Acupuncture to Treat Insulin Resistance in Women With and Without Polycystic Ovary Syndrome (PCOS-AcupIR)

Göteborg University

Status and phase

Completed

Phase 1

Conditions

Insulin Resistance

Polycystic Ovary Syndrome

Treatments

Other: Acupuncture

Study type

Interventional

Funder types

Other

Identifiers

NCT01457209

PCOS-AcupIR

Details and patient eligibility

About

The central hypothesis is that acupuncture break the vicious circle of androgen excess and reverse insulin resistance and improve health related quality of life and affective symptoms in overweight and obese women with and without Polycystic Ovary Syndrome.

Full description

Polycystic ovary syndrome (PCOS) is the most common endocrine and metabolic disorder in women. The main metabolic phenotype is hyperinsulinemia and insulin resistance, which are independent of body weight and worsen hyperandrogenism and ovulatory dysfunction. Pharmacological treatments are symptom oriented and usually effective but have metabolic and gastrointestinal side effects. Therefore, it is important to evaluate new nonpharmacological treatment strategies, as most women with PCOS require long-term treatment.

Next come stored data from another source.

(* Let $2<p<\infty$ and $\alpha\in\mathbb R$, or $p=2$ and $\alpha\ge0$. There is $C>0$ such that for all $N\ge1$, $$\sup_{A\subset\mathbb Z,\ |A|\le N}\|S_A\|_{L^p(\log L)^\alpha\to L^p(\log L)^\alpha}\le C\,N^{\frac12-\frac1p}(\log(e+N))^\alpha.$$
   Context: On $\mathbb T\equiv[-\pi,\pi)$: $L^p(\log L)^\alpha(\mathbb T)$ is the Orlicz space $L^\Phi$, $\Phi(t)=\int_0^ts^{p-1}(\log(c+s))^{\alpha p}ds$ ($c>1$ fixed, large enough that $\Phi$ is a Young function), Luxemburg norm. For finite $A\subset\mathbb Z$, $S_A(g)=\sum_{n\in A}\hat g(n)e^{inx}$, where $\hat g(n)$ are the Fourier coefficients of $g\in L^1(\mathbb T)$. *)

theory Defs
  imports "HOL-Analysis.Analysis"
begin

definition torus :: "real set" where
  "torus = {-pi..<pi}"

definition LlogL_Phi :: "real \<Rightarrow> real \<Rightarrow> real \<Rightarrow> real \<Rightarrow> real" where
  "LlogL_Phi p \<alpha> c t = integral {0..t} (\<lambda>s. s powr (p - 1) * (ln (c + s)) powr (\<alpha> * p))"

definition young_function :: "(real \<Rightarrow> real) \<Rightarrow> bool" where
  "young_function \<Phi> \<longleftrightarrow> convex_on {0..} \<Phi> \<and> \<Phi> 0 = 0 \<and> (\<forall>t>0. \<Phi> t > 0)
     \<and> filterlim \<Phi> at_top at_top"

definition orlicz_modular :: "(real \<Rightarrow> real) \<Rightarrow> (real \<Rightarrow> complex) \<Rightarrow> real \<Rightarrow> ennreal" where
  "orlicz_modular \<Phi> f lam = (\<integral>\<^sup>+ x. ennreal (\<Phi> (cmod (f x) / lam)) \<partial>(lebesgue_on torus))"

definition orlicz_space :: "(real \<Rightarrow> real) \<Rightarrow> (real \<Rightarrow> complex) set" where
  "orlicz_space \<Phi> = {f. f \<in> borel_measurable (lebesgue_on torus) \<and>
      (\<exists>lam>0. orlicz_modular \<Phi> f lam < \<infinity>)}"

definition luxemburg_norm :: "(real \<Rightarrow> real) \<Rightarrow> (real \<Rightarrow> complex) \<Rightarrow> real" where
  "luxemburg_norm \<Phi> f = Inf {lam. lam > 0 \<and> orlicz_modular \<Phi> f lam \<le> 1}"

definition fourier_coeff :: "(real \<Rightarrow> complex) \<Rightarrow> int \<Rightarrow> complex" where
  "fourier_coeff g n = (1 / (2 * pi)) *
     (LINT x | lebesgue_on torus. g x * exp (- (\<i> * of_int n * of_real x)))"

definition fourier_proj :: "int set \<Rightarrow> (real \<Rightarrow> complex) \<Rightarrow> real \<Rightarrow> complex" where
  "fourier_proj A g x = (\<Sum>n\<in>A. fourier_coeff g n * exp (\<i> * of_int n * of_real x))"

end

theory Submission
  imports Defs
begin

text \<open>
  Fix g and a level \<mu> > 0 at which the Luxemburg modular of g is at most 1. For p \<ge> 2 (and
  \<alpha> \<ge> 0 when p = 2) the Young function grows at least quadratically, \<Phi>(t) \<ge> a (t^2 - 4), so
  the L^2 norm of g is O(\<mu>). Bessel's inequality transfers this bound to S_A g, and
  Cauchy-Schwarz over the at most N frequencies gives the pointwise bound |S_A g| = O(sqrt(N) \<mu>).
  On the range [0, N^(1/p) log(e+N)^(-\<alpha>)] the function \<Phi> is dominated by the quadratic
  N^(1-2/p) log(e+N)^(2\<alpha>) v^2, so at the level C N^(1/2-1/p) log(e+N)^\<alpha> \<mu> the modular
  of S_A g is controlled by its L^2 norm and is therefore at most 1.
\<close>

section \<open>Characters and Bessel's inequality on the torus\<close>

abbreviation torus_measure :: "real measure" where
  "torus_measure \<equiv> lebesgue_on torus"

lemma torus_in_sets_lebesgue [simp]: "torus \<in> sets lebesgue"
  unfolding torus_def by simp

lemma emeasure_torus_measure: "emeasure torus_measure torus = ennreal (2 * pi)"
  by (simp add: emeasure_restrict_space torus_def)

lemma finite_measure_torus_measure: "finite_measure torus_measure"
  by (rule finite_measureI) (simp add: emeasure_torus_measure)

lemma
  fixes f :: "real \<Rightarrow> complex"
  assumes "continuous_on {-pi..pi} f"
  shows integrable_torus_continuous: "integrable torus_measure f"
    and integral_torus_continuous: "(LINT x|torus_measure. f x) = integral {-pi..pi} f"
proof -
  have "integrable (lebesgue_on {-pi..pi}) f"
    using assms by (rule continuous_imp_integrable_real)
  then have "set_integrable lebesgue {-pi..pi} f"
    by (simp add: integrable_restrict_space set_integrable_def)
  then have "set_integrable lebesgue torus f"
    by (rule set_integrable_subset) (auto simp: torus_def)
  then show i: "integrable torus_measure f"
    by (simp add: integrable_restrict_space set_integrable_def)
  have "(LINT x|torus_measure. f x) = integral torus f"
    by (rule lebesgue_integral_eq_integral[OF i]) simp
  also have "\<dots> = integral {-pi..pi} f"
    by (rule integral_spike_set) (auto simp: torus_def intro: negligible_subset[of "{pi}"])
  finally show "(LINT x|torus_measure. f x) = integral {-pi..pi} f" .
qed

definition fourier_char :: "int \<Rightarrow> real \<Rightarrow> complex" where
  "fourier_char n x = exp (\<i> * of_int n * of_real x)"

lemma continuous_on_fourier_char [continuous_intros]: "continuous_on S (fourier_char n)"
  unfolding fourier_char_def by (intro continuous_intros)

lemma norm_fourier_char [simp]: "norm (fourier_char n x) = 1"
  unfolding fourier_char_def by simp

lemma cnj_fourier_char: "cnj (fourier_char n x) = fourier_char (- n) x"
  unfolding fourier_char_def by (simp add: exp_cnj)

lemma fourier_char_mult_cnj: "fourier_char n x * cnj (fourier_char m x) = fourier_char (n - m) x"
  unfolding fourier_char_def by (simp add: exp_cnj exp_add[symmetric] algebra_simps)

lemma fourier_char_pi: "fourier_char n pi = fourier_char n (- pi)"
proof -
  have "fourier_char n pi = exp (\<i> * of_int n * of_real (- pi) + \<i> * (of_int n * (of_real pi * 2)))"
    unfolding fourier_char_def by (simp add: algebra_simps)
  also have "\<dots> = fourier_char n (- pi)"
    unfolding fourier_char_def by (rule exp_plus_2pin)
  finally show ?thesis .
qed

lemma integral_fourier_char: "integral {-pi..pi} (fourier_char n) = (if n = 0 then 2 * pi else 0)"
proof (cases "n = 0")
  case True
  then have "fourier_char n = (\<lambda>_. 1)" by (simp add: fourier_char_def fun_eq_iff)
  then show ?thesis using True by (simp add: scaleR_conv_of_real)
next
  case False
  have "(fourier_char n has_integral
          fourier_char n pi / (\<i> * of_int n) - fourier_char n (- pi) / (\<i> * of_int n)) {-pi..pi}"
  proof (rule fundamental_theorem_of_calculus)
    fix x :: real
    have "((\<lambda>z. exp (\<i> * of_int n * z) / (\<i> * of_int n)) has_field_derivative fourier_char n x)
            (at (of_real x))"
      unfolding fourier_char_def using False by (auto intro!: derivative_eq_intros simp: field_simps)
    from has_vector_derivative_real_field[OF this]
    show "((\<lambda>x. fourier_char n x / (\<i> * of_int n)) has_vector_derivative fourier_char n x)
            (at x within {-pi..pi})"
      by (simp add: fourier_char_def)
  qed simp
  then show ?thesis using False by (simp add: fourier_char_pi integral_unique)
qed

lemma integrable_fourier_char [simp]: "integrable torus_measure (fourier_char n)"
  by (intro integrable_torus_continuous continuous_intros)

lemma fourier_char_measurable [measurable]: "fourier_char n \<in> borel_measurable torus_measure"
  by (rule borel_measurable_integrable) simp

lemma integral_torus_fourier_char:
  "(LINT x|torus_measure. fourier_char n x) = (if n = 0 then 2 * pi else 0)"
  by (simp add: integral_torus_continuous[OF continuous_on_fourier_char] integral_fourier_char)

lemma fourier_coeff_eq: "fourier_coeff g n = (LINT x|torus_measure. g x * cnj (fourier_char n x)) / (2 * pi)"
  unfolding fourier_coeff_def fourier_char_def by (simp add: exp_cnj)

lemma fourier_proj_eq: "fourier_proj A g x = (\<Sum>n\<in>A. fourier_coeff g n * fourier_char n x)"
  unfolding fourier_proj_def fourier_char_def by simp

lemma
  fixes a :: "int \<Rightarrow> complex"
  assumes "finite A"
  shows integrable_norm_trig_poly_sq:
      "integrable torus_measure (\<lambda>x. (cmod (\<Sum>n\<in>A. a n * fourier_char n x))\<^sup>2)"
    and integral_norm_trig_poly_sq:
      "(LINT x|torus_measure. (cmod (\<Sum>n\<in>A. a n * fourier_char n x))\<^sup>2)
         = 2 * pi * (\<Sum>n\<in>A. (cmod (a n))\<^sup>2)"
proof -
  define P where "P x = (\<Sum>n\<in>A. a n * fourier_char n x)" for x
  have expand: "complex_of_real ((cmod (P x))\<^sup>2)
      = (\<Sum>n\<in>A. \<Sum>m\<in>A. a n * cnj (a m) * fourier_char (n - m) x)" for x
  proof -
    have "complex_of_real ((cmod (P x))\<^sup>2) = P x * cnj (P x)"
      by (rule complex_norm_square)
    also have "\<dots> = (\<Sum>n\<in>A. \<Sum>m\<in>A. a n * cnj (a m) * fourier_char (n - m) x)"
      unfolding P_def cnj_sum sum_product
      by (intro sum.cong refl) (simp add: fourier_char_mult_cnj[symmetric] mult_ac)
    finally show ?thesis .
  qed
  have "complex_integrable torus_measure (\<lambda>x. complex_of_real ((cmod (P x))\<^sup>2))"
    unfolding expand by simp
  then show "integrable torus_measure (\<lambda>x. (cmod (\<Sum>n\<in>A. a n * fourier_char n x))\<^sup>2)"
    unfolding P_def complex_of_real_integrable_eq .
  have "complex_of_real (LINT x|torus_measure. (cmod (P x))\<^sup>2)
      = (LINT x|torus_measure. complex_of_real ((cmod (P x))\<^sup>2))"
    by (rule integral_complex_of_real[symmetric])
  also have "\<dots> = (\<Sum>n\<in>A. \<Sum>m\<in>A. a n * cnj (a m) * (if n - m = 0 then 2 * pi else 0))"
    unfolding expand by (simp add: integral_torus_fourier_char)
  also have "\<dots> = (\<Sum>n\<in>A. of_real (2 * pi) * (a n * cnj (a n)))"
    using assms by (simp add: if_distrib mult_ac cong: if_cong)
  also have "\<dots> = complex_of_real (2 * pi * (\<Sum>n\<in>A. (cmod (a n))\<^sup>2))"
    by (simp add: complex_norm_square[symmetric] sum_distrib_left del: of_real_power)
  finally show "(LINT x|torus_measure. (cmod (\<Sum>n\<in>A. a n * fourier_char n x))\<^sup>2)
      = 2 * pi * (\<Sum>n\<in>A. (cmod (a n))\<^sup>2)"
    unfolding P_def of_real_eq_iff .
qed
lemma sum_users_eq_sum_strategies:
  fixes g :: "nat \<Rightarrow> 'e \<Rightarrow> real"
  assumes "finite E" "\<forall>i<N. p i \<subseteq> E"
  shows "(\<Sum>e\<in>E. \<Sum>i\<in>{i. i < N \<and> e \<in> p i}. g i e) = (\<Sum>i<N. \<Sum>e\<in>p i. g i e)"
proof -
  have "(\<Sum>e\<in>E. \<Sum>i\<in>{i. i < N \<and> e \<in> p i}. g i e)
      = (\<Sum>e\<in>E. \<Sum>i<N. if e \<in> p i then g i e else 0)"
    by (rule sum.cong[OF refl]) (simp add: sum.If_cases Collect_conj_eq lessThan_def Int_commute)
  also have "\<dots> = (\<Sum>i<N. \<Sum>e\<in>E. if e \<in> p i then g i e else 0)" by (rule sum.swap)
  also have "\<dots> = (\<Sum>i<N. \<Sum>e\<in>p i. g i e)"
  proof (rule sum.cong[OF refl])
    fix i assume "i \<in> {..<N}"
    then have "E \<inter> p i = p i" using assms(2) by auto
    then show "(\<Sum>e\<in>E. if e \<in> p i then g i e else 0) = (\<Sum>e\<in>p i. g i e)"
      using assms(1) by (simp add: sum.If_cases Int_def)
  qed
  finally show ?thesis .
qed

lemma measure_pmf_of_set_ge_half:
  assumes "finite S" "S \<noteq> {}" "2 * card (S - X) \<le> card S"
  shows "measure_pmf.prob (pmf_of_set S) X \<ge> 1 / 2"
proof -
  have "card (S \<inter> X) + card (S - X) = card S" using card_Int_Diff[OF assms(1)] by simp
  then have "real (card S) \<le> 2 * real (card (S \<inter> X))" using assms(3) by linarith
  then show ?thesis using assms(1,2) by (simp add: measure_pmf_of_set card_gt_0_iff field_simps)
qed

locale gnd =
  fixes E :: "'e set" and N :: nat and P :: "nat \<Rightarrow> 'e set set" and w :: "nat \<Rightarrow> 'e \<Rightarrow> nat"
    and q :: nat and alpha :: "nat \<Rightarrow> real" and sig :: "'e \<Rightarrow> real" and xi :: "'e \<Rightarrow> nat \<Rightarrow> real"
    and rho :: real and orc :: "'e set set \<Rightarrow> ('e \<Rightarrow> real) \<Rightarrow> 'e set"
    and f :: "nat \<Rightarrow> 'e \<Rightarrow> (nat \<Rightarrow> 'e set) \<Rightarrow> real"
    and ft :: "nat \<Rightarrow> 'e \<Rightarrow> (nat \<Rightarrow> 'e set) \<Rightarrow> real"
    and BR :: "(nat \<Rightarrow> 'e set) \<Rightarrow> nat \<Rightarrow> 'e set"
    and Phi :: "(nat \<Rightarrow> 'e set) \<Rightarrow> real"
    and A B lam mu eps eps1 :: real
  assumes finE: "finite E"
    and P_sub: "\<forall>i<N. P i \<subseteq> Pow E \<and> P i \<noteq> {}"
    and w_pos: "\<forall>i<N. \<forall>e\<in>E. w i e \<ge> 1"
    and q_pos: "q \<ge> 1"
    and alpha_gt: "\<forall>j\<in>{1..q}. alpha j > 1"
    and sigma_nn: "\<forall>e\<in>E. sig e \<ge> 0"
    and xi_nn: "\<forall>e\<in>E. \<forall>j\<in>{1..q}. xi e j \<ge> 0"
    and xi_pos: "\<forall>e\<in>E. \<exists>j\<in>{1..q}. xi e j > 0"
    and rho_ge: "rho \<ge> 1"
    and orc: "\<forall>i<N. reply_oracle_prop rho E (P i) (orc (P i))"
    and csm: "is_csm E N P w (gnd_cost q alpha sig xi) f"
    and pot: "is_potential E N P f Phi"
    and pot_bd: "bounded_potential E N P w (gnd_cost q alpha sig xi) Phi A B"
    and smooth: "is_smooth E N P w (gnd_cost q alpha sig xi) f lam mu"
    and eps: "0 < eps" "eps < 1"
    and eps1_def: "eps1 = (1 + eps) / (1 - eps)"
    and mu_small: "mu < 1 / (rho * eps1\<^sup>2)"
    and ft_approx: "\<forall>p\<in>profiles N P. \<forall>i<N. \<forall>e\<in>E.
                      (1 - eps) * f i e p \<le> ft i e p \<and> ft i e p \<le> (1 + eps) * f i e p"
    and BR_spec: "\<forall>p\<in>profiles N P. \<forall>i<N. BR p i \<in> P i \<and>
                    (\<forall>r\<in>P i. indiv_cost E ft i (p(i := BR p i)) \<le> rho * indiv_cost E ft i (p(i := r)))"
begin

Hypothesis and Aims Our central hypothesis is that acupuncture break the vicious circle of androgen excess and reverse insulin resistance and improve health related quality of life and affective symptoms in overweight and obese women with and without PCOS.

The specific aim are designed to test the hypotheses that

Acupuncture (acute and chronic i.e. 5 weeks treatment, 3 times per week) improves insulin sensitivity in overweight and obese women with and without PCOS
Acupuncture (acute and chronic i.e. 5 weeks treatment, 3 times per week) regulate key signaling molecules and mitochondrial oxidation/biogenesis in skeletal muscle and adipose tissue in overweight and obese women with and without PCOS
Acupuncture (chronic i.e. 5 weeks treatment, 3 times per week) improve health related quality of life and symptoms of anxiety and depression in overweight and obese women with and without PCOS

Time frame of the study is 5-6 weeks. No long term follow up.

Enrollment

42 patients

Sex

Female

Ages

18 to 38 years old

Volunteers

Accepts Healthy Volunteers

Inclusion criteria

BMI > 25 to < 35 and
Clinical signs of hyperandrogenism (hirsutism or acne) and
At least one of the following two signs; oligo/amenorrhea and/or ultrasound-verified polycystic ovaries

Controls should have BMI > 25 to < 35, regular cycles with 28 days ± 2 days, no signs of hyperandrogenism.

Exclusion criteria

Exclusion criteria for all women

Age > 38 years
Exclusion of other endocrine disorders such as hyperprolactinemia (s-prolactin < 27µg/L), nonclassic congenital adrenal hyperplasia (17-hydroxyprogesterone < 3nmol/L), and androgen secreting tumors.
Autoimmune disorders, cancer, Type I diabetes and Type 2 diabetes.
Pharmacological treatment (cortisone, antidepressant, antidiabetic, hormonal contraceptives, hormonal ovulation induction or other drugs judged by discretion of investigator) within 12 wks accounts for all participants.
Blood pressure >160 / 100 mmHg
Pregnancy or breastfeeding the last 6 months
Acupuncture last 2 months
Language barrier or disabled person with reduced ability to understand information.